Subject: bin/19387: fix for error in pwd_mkdb error reporting, plus some 25% more performance enhancements
To: None <gnats-bugs@gnats.netbsd.org>
From: Greg A. Woods <woods@weird.com>
List: netbsd-bugs
Date: 12/15/2002 00:06:05
>Number:         19387
>Category:       bin
>Synopsis:       fix for error in pwd_mkdb error reporting, plus some 25% more performance enhancements
>Confidential:   no
>Severity:       serious
>Priority:       high
>Responsible:    bin-bug-people
>State:          open
>Class:          sw-bug
>Submitter-Id:   net
>Arrival-Date:   Sat Dec 14 21:07:00 PST 2002
>Closed-Date:
>Last-Modified:
>Originator:     Greg A. Woods
>Release:        2002-12/12
>Organization:
Planix, Inc.; Toronto, Ontario; Canada
>Environment:
System: NetBSD proven 1.5W NetBSD 1.5W (PROVEN) #1: Sat Aug 25 21:25:26 EDT 2001 woods@proven:/work/woods/NetBSD-src/sys/arch/i386/compile/PROVEN i386
Architecture: i386
Machine: i386
>Description:

	as has been discussed on the various lists several times over
	the past half decade, pwd_mkdb(8) has traditionally had very bad
	performance, especially for rebuilding large passwd files, and
	this is apparently due to the very poor tuning of the hash(3)
	parameters used to create the .db files.
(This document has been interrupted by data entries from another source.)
(* Let $(M^n,g,k)$ be an initial data set with $M$ spin, let $\phi\in\overline{\mathcal S}(M)$ and $p\in M$. If $N(\phi)=|X(\phi)|$ at $p$, or if $N(\phi)=|Y(\phi)|$ at $p$, then at $p$: $$N(\phi)\,\omega(\phi)=X(\phi)\wedge Y(\phi),\qquad X(\phi)\perp Y(\phi),\qquad N(\phi)^2-|X(\phi)|^2-|Y(\phi)|^2+\tfrac12|\omega(\phi)|^2=0 .$$
   Context: Spinor conventions. For a Riemannian spin manifold $(M^n,g)$, $\mathcal S$ is the complex spinor bundle with Hermitian inner product $\langle\cdot,\cdot\rangle$ (complex linear in the first slot); Clifford multiplication by tangent vectors satisfies $vw+wv=-2g(v,w)$ and vectors act skew-Hermitian. Set $\overline{\mathcal S}=\mathcal S\oplus\mathcal S$ with direct-sum inner product, where a tangent vector $e_l$ and an extra element $e_0$ act by $e_l(\psi_1,\psi_2)=(e_l\psi_1,-e_l\psi_2)$, $e_0(\psi_1,\psi_2)=(\psi_2,\psi_1)$. With $\{e_i\}_{i=1}^n$ an orthonormal frame and summation over repeated indices, for $\phi\in\overline{\mathcal S}$: $N(\phi)=|\phi|^2$, $X(\phi)=\langle e_ie_0\phi,\phi\rangle e_i$, $Y(\phi)=\langle\mathbf i e_i\phi,\phi\rangle e_i$, $\omega_{ij}(\phi)=\operatorname{Im}\langle e_ie_je_0\phi,\phi\rangle$; these are real. For vectors $V,W$, $(V\wedge W)_{ij}=V_iW_j-V_jW_i$, and $|\omega|^2=\sum_{i,j}\omega_{ij}^2$. *)

theory Defs
  imports "HOL-Analysis.Analysis"
begin

text \<open>At the point p we fix an orthonormal frame e_1..e_n of T_pM,
 indexed by the finite type 'n (so n = CARD('n)). The spinor fibre S_p is modelled as
 complex^'m with the standard Hermitian product (complex linear in the first slot), and
 Clifford multiplication by e_i is the complex matrix E i.\<close>

definition herm :: "complex^'m \<Rightarrow> complex^'m \<Rightarrow> complex" where
  "herm u v = (\<Sum>k\<in>UNIV. u$k * cnj (v$k))"

text \<open>E is (Clifford multiplication on) the complex spinor module of Cl(n):
 Clifford relations, skew-Hermitian action, and complex dimension 2^(n div 2)
 (which forces it to be an irreducible spinor representation).\<close>
definition spinor_module :: "('n::finite \<Rightarrow> complex^'m::finite^'m) \<Rightarrow> bool" where
  "spinor_module E \<longleftrightarrow>
     (\<forall>i j. E i ** E j + E j ** E i = mat (if i = j then -2 else 0)) \<and>
     (\<forall>i u v. herm (E i *v u) v = - herm u (E i *v v)) \<and>
     CARD('m) = 2 ^ (CARD('n) div 2)"

type_synonym 'm sbar = "(complex^'m) \<times> (complex^'m)"

definition hermb :: "'m::finite sbar \<Rightarrow> 'm sbar \<Rightarrow> complex" where
  "hermb \<phi> \<psi> = herm (fst \<phi>) (fst \<psi>) + herm (snd \<phi>) (snd \<psi>)"

definition cliff :: "('n \<Rightarrow> complex^'m::finite^'m) \<Rightarrow> 'n \<Rightarrow> 'm sbar \<Rightarrow> 'm sbar" where
  "cliff E i \<phi> = (E i *v fst \<phi>, - (E i *v snd \<phi>))"

definition e0 :: "'m::finite sbar \<Rightarrow> 'm sbar" where
  "e0 \<phi> = (snd \<phi>, fst \<phi>)"

definition imul :: "'m::finite sbar \<Rightarrow> 'm sbar" where
  "imul \<phi> = (\<i> *s fst \<phi>, \<i> *s snd \<phi>)"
	some attempt was made to do some minor tuning of pwd_mkdb a bit
	over a year ago, but apparently without much real thought to
	even the general nature of hash-bucket databases (and not even
	all the suggestions from the lists were applied verbatim).

	the changes below cut runtime on my P-Pro with slow IDE drives
	for an ~11,000 entry passwd file to approximately just 70% of
	the plain 8MB cachesize version (and to just 10% of the original
	2MB cachesize version!).  (and still just 75% the runtime of the
	plain 8MB version with ~22,000 entries)

	also in testing these changes using '-d' naively I discovered a
	very serious bug in the error reporting in the install() function.
	(buf was used as both target and source in an snprintf()!!!)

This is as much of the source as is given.